Thursday, March 30, 2006

"Boys & Flowers" Exhibition at Western Bridge Gallery : Mar 30 - Aug 12

PAUL MORRISON


Western Bridge Gallery Site

Kutlug Ataman: The Four Seasons of Veronica Read
Scott McFarland: Photographs
Jeffry Mitchell: New Installation
Paul Morrison: Mesophyte
Kirsten Stoltmann: Boys and Flowers
Universal Nonlinear Design: Make Believe
Stephen Vitiello: Hea - Sound Installation

Works by Nobuyoshi Araki, Morris Graves, Jim Lockwood, Robert Mapplethorpe, Roy McMakin, Cristina Lei Rodriguez, Glenn Rudolph, Michael Velliquette, Paul Wonner, Amir Zaki.

Titled after a video by Kirsten Stoltmann, Boys and Flowers features new commissions from Paul Morrison, Jeffry Mitchell, and Universal Nonlinear Design, a four-channel video installation by Kutlug Ataman, a sound installation by Stephen Vitiello, and a variety of botanical masculinity in photography and works on paper from the collection.

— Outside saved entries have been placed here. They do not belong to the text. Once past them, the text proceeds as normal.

lemma summand_le_geometric:
  "summand d (i + j) \<le> 2 * p / real p ^ expn M j * (1/2) ^ i"
proof -
  have "expn M j + i \<le> expn M (i + j)" using expn_mono[of j "i + j" M] by simp
  then have "real p ^ (expn M j + i) \<le> real p ^ expn M (i + j)"
    using p_ge_2 by (intro power_increasing) auto
  moreover have "real p ^ expn M j * 2 ^ i \<le> real p ^ (expn M j + i)"
    using pow_ge_2pow[of i] p_ge_2 by (simp add: power_add mult_left_mono)
  ultimately have pow: "real p ^ expn M j * 2 ^ i \<le> real p ^ expn M (i + j)" by linarith
  have "summand d (i + j) \<le> 2 * p / real p ^ expn M (i + j)" by (rule summand_le)
  also have "\<dots> \<le> 2 * p / (real p ^ expn M j * 2 ^ i)"
    using pow p_ge_2 by (intro divide_left_mono) auto
  also have "\<dots> = 2 * p / real p ^ expn M j * (1/2) ^ i" by (simp add: power_divide)
  finally show ?thesis .
qed

lemma summable_shifted: "summable (\<lambda>i. summand d (i + j))"
proof (rule summable_comparison_test)
  show "\<exists>N. \<forall>i\<ge>N. norm (summand d (i + j)) \<le> 2 * p / real p ^ expn M j * (1/2) ^ i"
    using summand_le_geometric summand_pos by (auto intro!: exI[of _ 0] simp: less_imp_le)
qed (intro summable_mult summable_geometric, simp)

lemma xval_split: "xval d = partial d k + tail d k"
  unfolding xval_def tail_def partial_def
  using suminf_split_initial_segment[OF summable_shifted[of d 0], of "Suc k"] by simp

lemma tail_pos: "0 < tail d k"
  unfolding tail_def using summable_shifted[of d "Suc k"] summand_pos by (intro suminf_pos) auto

lemma tail_le: "tail d k \<le> 4 * p / real p ^ expn M (Suc k)"
proof -
  define c where "c = 2 * p / real p ^ expn M (Suc k)"
  have "tail d k \<le> (\<Sum>i. c * (1/2) ^ i)" unfolding tail_def
    by (rule suminf_le[OF _ summable_shifted summable_mult[OF summable_geometric]])
       (use summand_le_geometric[of d _ "Suc k"] in \<open>auto simp: c_def\<close>)
  also have "\<dots> = c * 2" by (simp add: suminf_mult suminf_geometric)
  also have "\<dots> = 4 * p / real p ^ expn M (Suc k)" unfolding c_def by simp
  finally show ?thesis .
qed

lemma partial_eq: "partial d k = real (numer d k) / real (denom k)"
  unfolding denom_def of_nat_power
proof (induction k)
  case 0 then show ?case by (simp add: partial_def summand_def)
next
  case (Suc k)
  have "expn M k \<le> expn M (Suc k)" using expn_strict[of k "Suc k" M] by simp
  then have pk: "real p ^ expn M (Suc k) = real p ^ (expn M (Suc k) - expn M k) * real p ^ expn M k"
    by (simp flip: power_add)
  have "partial d (Suc k) = real (numer d k) / real p ^ expn M k + summand d (Suc k)"
    using Suc unfolding partial_def by simp
  also have "\<dots> = real (numer d (Suc k)) / real p ^ expn M (Suc k)"
    using p_ge_2 unfolding summand_def pk by (simp add: field_simps)
  finally show ?case .
qed

lemma xval_minus_partial:
  "\<bar>xval d - real_of_int (int (numer d k)) / real (denom k)\<bar> = tail d k"
  using xval_split[of d k] partial_eq[of d k] tail_pos[of d k] by simp

lemma numer_not_dvd: "\<not> p dvd numer d k"
proof (cases k)
  case 0 then show ?thesis using digit_mod[of "d 0"] p_ge_2 by (auto simp: dvd_eq_mod_eq_0)
next
  case (Suc k')
  have "p dvd p ^ (expn M (Suc k') - expn M k')" using expn_strict[of k' "Suc k'" M] by simp
  then have "numer d k mod p = 1"
    using Suc digit_mod by (simp add: mod_add_left_eq[symmetric])
  then show ?thesis using p_ge_2 by (auto simp: dvd_eq_mod_eq_0)
qed

lemma denom_pos: "denom k > 0" unfolding denom_def using p_ge_2 by simp

lemma denom_gt: "denom k > k"
proof -
  have "2 ^ k \<le> (2::nat) ^ expn M k" using expn_ge[of k M] by (intro power_increasing) auto
  also have "\<dots> \<le> denom k" unfolding denom_def using p_ge_2 by (intro power_mono) auto
  finally show ?thesis using less_exp[of k] by linarith
qed

lemma p_dvd_denom: "p dvd denom k" unfolding denom_def using expn_pos[of M k] by (simp add: dvd_power)

lemma denom_strict: "j < k \<Longrightarrow> denom j < denom k"
  unfolding denom_def using p_ge_2 expn_strict[of j k M] by (intro power_strict_increasing) auto

lemma denom_powr: "real (denom k) powr a = real p powr (real (expn M k) * a)"
  unfolding denom_def using p_ge_2 by (simp add: powr_powr powr_realpow[symmetric])

lemma tail_small:
  assumes "kap \<ge> 0" "real j \<ge> kap"
  shows "tail d j < real (denom j) powr (- kap)"
proof -
  have p1: "real p > 1" using p_ge_2 by simp
  have "(4::real) \<le> real p * real p" using p_ge_2 mult_mono[of 2 "real p" 2 "real p"] by simp
  then have "(4::real) * p \<le> real p ^ 3"
    unfolding power3_eq_cube using p1 by (intro mult_right_mono) auto
  then have "4 * p / real p ^ expn M (Suc j) \<le> real p ^ 3 / real p ^ expn M (Suc j)"
    by (intro divide_right_mono) auto
  then have "tail d j \<le> real p ^ 3 / real p ^ expn M (Suc j)"
    using tail_le[of d j] by linarith
  also have "\<dots> = real p powr (3 - real (expn M (Suc j)))"
    using p1 powr_realpow[of "real p" 3] powr_realpow[of "real p" "expn M (Suc j)"]
    by (simp only: powr_diff) simp
  also have "\<dots> < real p powr (real (expn M j) * (- kap))"
    using expn_eventually_large[OF assms, of M] p1 by (intro powr_less_mono) (auto simp: mult.commute)
  also have "\<dots> = real (denom j) powr (- kap)" by (simp only: denom_powr)
  finally show ?thesis .
qed

lemma xval_irrational: "xval d \<notin> \<rat>"
proof
  assume "xval d \<in> \<rat>"
  then obtain a :: int and b :: nat where ab: "b > 0" "xval d = real_of_int a / real b"
    by (metis Rats_cases' of_int_of_nat_eq zero_less_imp_eq_int)
  define j where "j = max 2 b"
  have dist: "\<bar>real_of_int a / real b - real_of_int (int (numer d j)) / real (denom j)\<bar> = tail d j"
    using xval_minus_partial[of d j] ab by simp
  then have "real_of_int a / real b \<noteq> real_of_int (int (numer d j)) / real (denom j)"
    using tail_pos[of d j] by auto
  then have "1 / (real b * real (denom j))
      \<le> \<bar>real_of_int a / real b - real_of_int (int (numer d j)) / real (denom j)\<bar>"
    by (rule fraction_separation[OF ab(1) denom_pos])
  also have "\<dots> = tail d j" by (rule dist)
  also have "\<dots> < real (denom j) powr (- 2)" by (rule tail_small) (auto simp: j_def)
  also have "\<dots> = 1 / (real (denom j) * real (denom j))"
    using denom_pos[of j] by (simp add: powr_minus powr_realpow[symmetric] power2_eq_square divide_inverse)
  finally have "real (denom j) < real b" using denom_pos[of j] ab(1) by (simp add: field_simps)
  moreover have "b \<le> denom j" using denom_gt[of j] unfolding j_def by linarith
  ultimately show False by simp
qed

lemma xval_liouville: "liouville_number (xval d)"
  unfolding liouville_number_def
proof (intro conjI allI impI)
  show "xval d \<notin> \<rat>" by (rule xval_irrational)
  fix k :: real assume k: "k > 0"
  obtain j :: nat where j: "real j \<ge> k" using real_arch_simple by blast
  then have "j \<ge> 1" using k by (cases j) auto
  then have q2: "int (denom j) \<ge> 2" using denom_gt[of j] by linarith
  show "\<exists>a b. 2 \<le> b \<and> 0 < \<bar>xval d - real_of_int a / real_of_int b\<bar> \<and>
          \<bar>xval d - real_of_int a / real_of_int b\<bar> < real_of_int b powr - k"
    using q2 xval_minus_partial[of d j] tail_pos[of d j] tail_small[of k j d] k j
    by (intro exI[of _ "int (numer d j)"] exI[of _ "int (denom j)"]) auto
qed

lemma infinite_approx_multiples:
  assumes "tau \<ge> 0"
  shows "infinite {q. q \<ge> 1 \<and> p dvd q \<and> approx_den tau (xval d) q}"
proof -
  have "denom ` {j. real j \<ge> tau} \<subseteq> {q. q \<ge> 1 \<and> p dvd q \<and> approx_den tau (xval d) q}"
  proof safe
    fix j assume j: "real j \<ge> tau"
    show "1 \<le> denom j" using denom_pos[of j] by simp
    show "p dvd denom j" by (rule p_dvd_denom)
    show "approx_den tau (xval d) (denom j)" unfolding approx_den_def
      using xval_minus_partial[of d j] tail_small[OF assms j] by (intro exI[of _ "int (numer d j)"]) simp
  qed
  moreover have "inj_on denom {j. real j \<ge> tau}"
    by (rule strict_mono_imp_inj_on) (auto simp: strict_mono_def denom_strict)
  moreover have "infinite {j::nat. real j \<ge> tau}"
    using infinite_Ici[of "nat \<lceil>tau\<rceil>"] by (rule infinite_super[rotated]) auto
  ultimately show ?thesis using finite_imageD infinite_super by blast
qed

lemma fraction_ne_partial:
  assumes "s > 0" "\<not> p dvd s"
  shows "real_of_int b / real s \<noteq> real_of_int (int (numer d k)) / real (denom k)"
proof
  assume "real_of_int b / real s = real_of_int (int (numer d k)) / real (denom k)"
  then have "real_of_int (b * int (denom k)) = real_of_int (int (numer d k) * int s)"
    using assms denom_pos[of k] by (simp add: field_simps)
  then have eq: "b * int (denom k) = int (numer d k) * int s" by (simp only: of_int_eq_iff)
  have "int p dvd b * int (denom k)" using p_dvd_denom[of k] by simp
  then have "int p dvd int (numer d k) * int s" using eq by simp
  then have "int p dvd int (numer d k) \<or> int p dvd int s"
    using prime_p prime_dvd_mult_iff[of "int p"] by simp
  then show False using assms(2) numer_not_dvd[of d k] by simp
qed

lemma bracket_denom:
  assumes "S \<ge> 2 * real p"
  obtains k where "2 * real (denom k) \<le> S" "S < 2 * real (denom (Suc k))"
proof -
  have ex: "\<exists>m. S < 2 * real (denom m)"
    using denom_gt[of "nat \<lceil>S\<rceil>"] by (intro exI[of _ "nat \<lceil>S\<rceil>"]) linarith
  define m0 where "m0 = (LEAST m. S < 2 * real (denom m))"
  have m0: "S < 2 * real (denom m0)" unfolding m0_def using ex by (rule LeastI_ex)
  have "m0 \<noteq> 0"
  proof
    assume "m0 = 0"
    then show False using m0 assms by (simp add: denom_def)
  qed
  then obtain k where k: "m0 = Suc k" by (cases m0) auto
  have "2 * real (denom k) \<le> S"
    using not_less_Least[of k "\<lambda>m. S < 2 * real (denom m)"] k unfolding m0_def[symmetric] by simp
  with m0 k show thesis by (intro that) auto
qed

text \<open>The key growth estimate: if \<open>s^\<sigma> < 2 denom (k+1)\<close> then \<open>8 p s denom k < denom (k+1)\<close>,
  provided \<open>M (1 - 1/\<sigma>) \<ge> 1\<close>, i.e.\ the exponents grow at least by the factor \<open>\<sigma>/(\<sigma>-1)\<close>.\<close>
lemma next_denom_dominates:
  assumes sig: "sig > 1" and Mc: "real M * (1 - 1/sig) \<ge> 1"
    and s: "real s > 0" "real s powr sig < 2 * real (denom (Suc k))"
  shows "8 * real p * real s * real (denom k) < real (denom (Suc k))"
proof -
  define N where "N = real (denom k)"
  define N' where "N' = real (denom (Suc k))"
  define a where "a = 1 / sig"
  have Npos: "N > 0" "N' > 0" unfolding N_def N'_def using denom_pos by auto
  have a01: "0 < a" "a < 1" unfolding a_def using sig by auto
  have "real s = (real s powr sig) powr a" unfolding a_def using sig s by (simp add: powr_powr)
  also have "\<dots> < (2 * N') powr a" using s a01 unfolding N'_def by (intro powr_less_mono2) auto
  also have "\<dots> = 2 powr a * N' powr a" using Npos by (simp add: powr_mult)
  also have "\<dots> \<le> 2 * N' powr a"
    using powr_mono[of a 1 2] a01 by (intro mult_right_mono) auto
  finally have sN: "real s < 2 * N' powr a" .
  have "real (M * (expn M k + 6)) \<le> real (expn M (Suc k))"
    unfolding of_nat_le_iff by (rule expn_Suc_ge) simp
  then have "real M * (real (expn M k) + 6) \<le> real (expn M (Suc k))" by simp
  then have "(real M * (1 - a)) * (real (expn M k) + 6) \<le> real (expn M (Suc k)) * (1 - a)"
    using a01 by (simp add: mult_right_mono mult_ac)
  moreover have "1 * (real (expn M k) + 6) \<le> (real M * (1 - a)) * (real (expn M k) + 6)"
    using Mc unfolding a_def by (intro mult_right_mono) auto
  ultimately have expo: "real (expn M k) + 6 \<le> real (expn M (Suc k)) * (1 - a)"
    by (metis mult_1 order_trans)
  have "16 * real p \<le> real p ^ 5 * real p"
    using pow_ge_2pow[of 5] p_ge_2 mult_right_mono[of "2^5" "real p ^ 5" "real p"] by simp
  also have "\<dots> = real p ^ 6" using power_Suc2[of "real p" 5] by simp
  finally have "16 * real p * N \<le> real p ^ 6 * N" using Npos by simp
  also have "\<dots> = real p powr (real (expn M k) + 6)"
  proof -
    have "real p powr (real (expn M k) + 6) = real p powr real (expn M k) * real p powr real (6::nat)"
      by (simp add: powr_add)
    also have "\<dots> = real p ^ expn M k * real p ^ 6"
      using p_ge_2 by (simp only: powr_realpow of_nat_0_less_iff)
    finally show ?thesis by (simp add: N_def denom_def)
  qed
  also have "\<dots> \<le> N' powr (1 - a)"
    unfolding N'_def denom_powr using expo p_ge_2 by (intro powr_mono) auto
  finally have big: "16 * real p * N \<le> N' powr (1 - a)" .
  have "8 * real p * real s * N < 8 * real p * (2 * N' powr a) * N"
    using sN p_ge_2 Npos by (intro mult_strict_right_mono mult_strict_left_mono) auto
  also have "\<dots> = N' powr a * (16 * real p * N)" by (simp add: mult_ac)
  also have "\<dots> \<le> N' powr a * N' powr (1 - a)" using big by (intro mult_left_mono) auto
  also have "\<dots> = N'" using Npos by (simp flip: powr_add)
  finally show ?thesis unfolding N_def N'_def .
qed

Covering all four walls of our large gallery, Morrison's mesophyte mixes naturalistic and cartoonish floral and landscape imagery. Stumps, firs, pulled weeds, garden flowers, set out of perspective with a continuous horizon line, create a thrillingly artificial world of nature.

Jeffry Mitchell's new installation juxtaposes a handmade Japanese byobu screen of molded paper with a vitrine containing ceramics in the vein of Chinese funerary sculpture—though this particular tomb is for a soon-to-be closed Seattle bathhouse, Club Zodiac.

Seattle architecture firm Universal Nonlinear Design presents a proposal to raise a section Seattle's Denny Park to its original height before the Regrade, some 60 feet above its current elevation. An architectural model is shown with work referring to the movie Parallax View and the work of Carl Andre and Michael Heizer.

Kutlug Ataman's Four Seasons of Veronica Read, a four-channel projected video installation, obsesses over an obsessive collector, an English woman who maintains nearly a thousand Amaryllis bulbs in her small London flat despite being seriously allergic to them.

Wednesday, March 8, 2006

Godard "The Cinema Alone" Series at NWFF Mar 17-22

GODARD

NWFF Godard "Cinema Alone" Site

GODARD

Yeah! Finally "Histoire(s) du Cinema" playing in Seattle.
This is the one that had a East Coast run last year and I was bummed it never made it to our little town.

From the NWFF site:

Throughout his career, no filmmaker has more consistently, or more adventurously, redefined our very conception of the cinema than Jean-Luc Godard. From his earth-shattering debut with BREATHLESS and the remarkable string of sketches, experiments and full-fledged masterpieces that followed, Godard has confirmed time and time again that not only is he the world's greatest living filmmaker, he's also the most dangerous. Godard parlayed the success of BREATHLESS into a career of hugely innovative, corrosively brilliant films that introduced a kind of poetry to the cinema unlike anything that came before it. More than any other filmmaker, Godard has continued to blaze forward, always searching for news to approach filmmaking with video being a particularly fertile source of inspiration. Northwest Film Forum is proud to celebrate the man and his work with the Seattle Premiere of his HISTOIRE(S) DU CINEMA, along with rare screenings of some of his most treasured works from throughout his career. All films in French with English subtitles.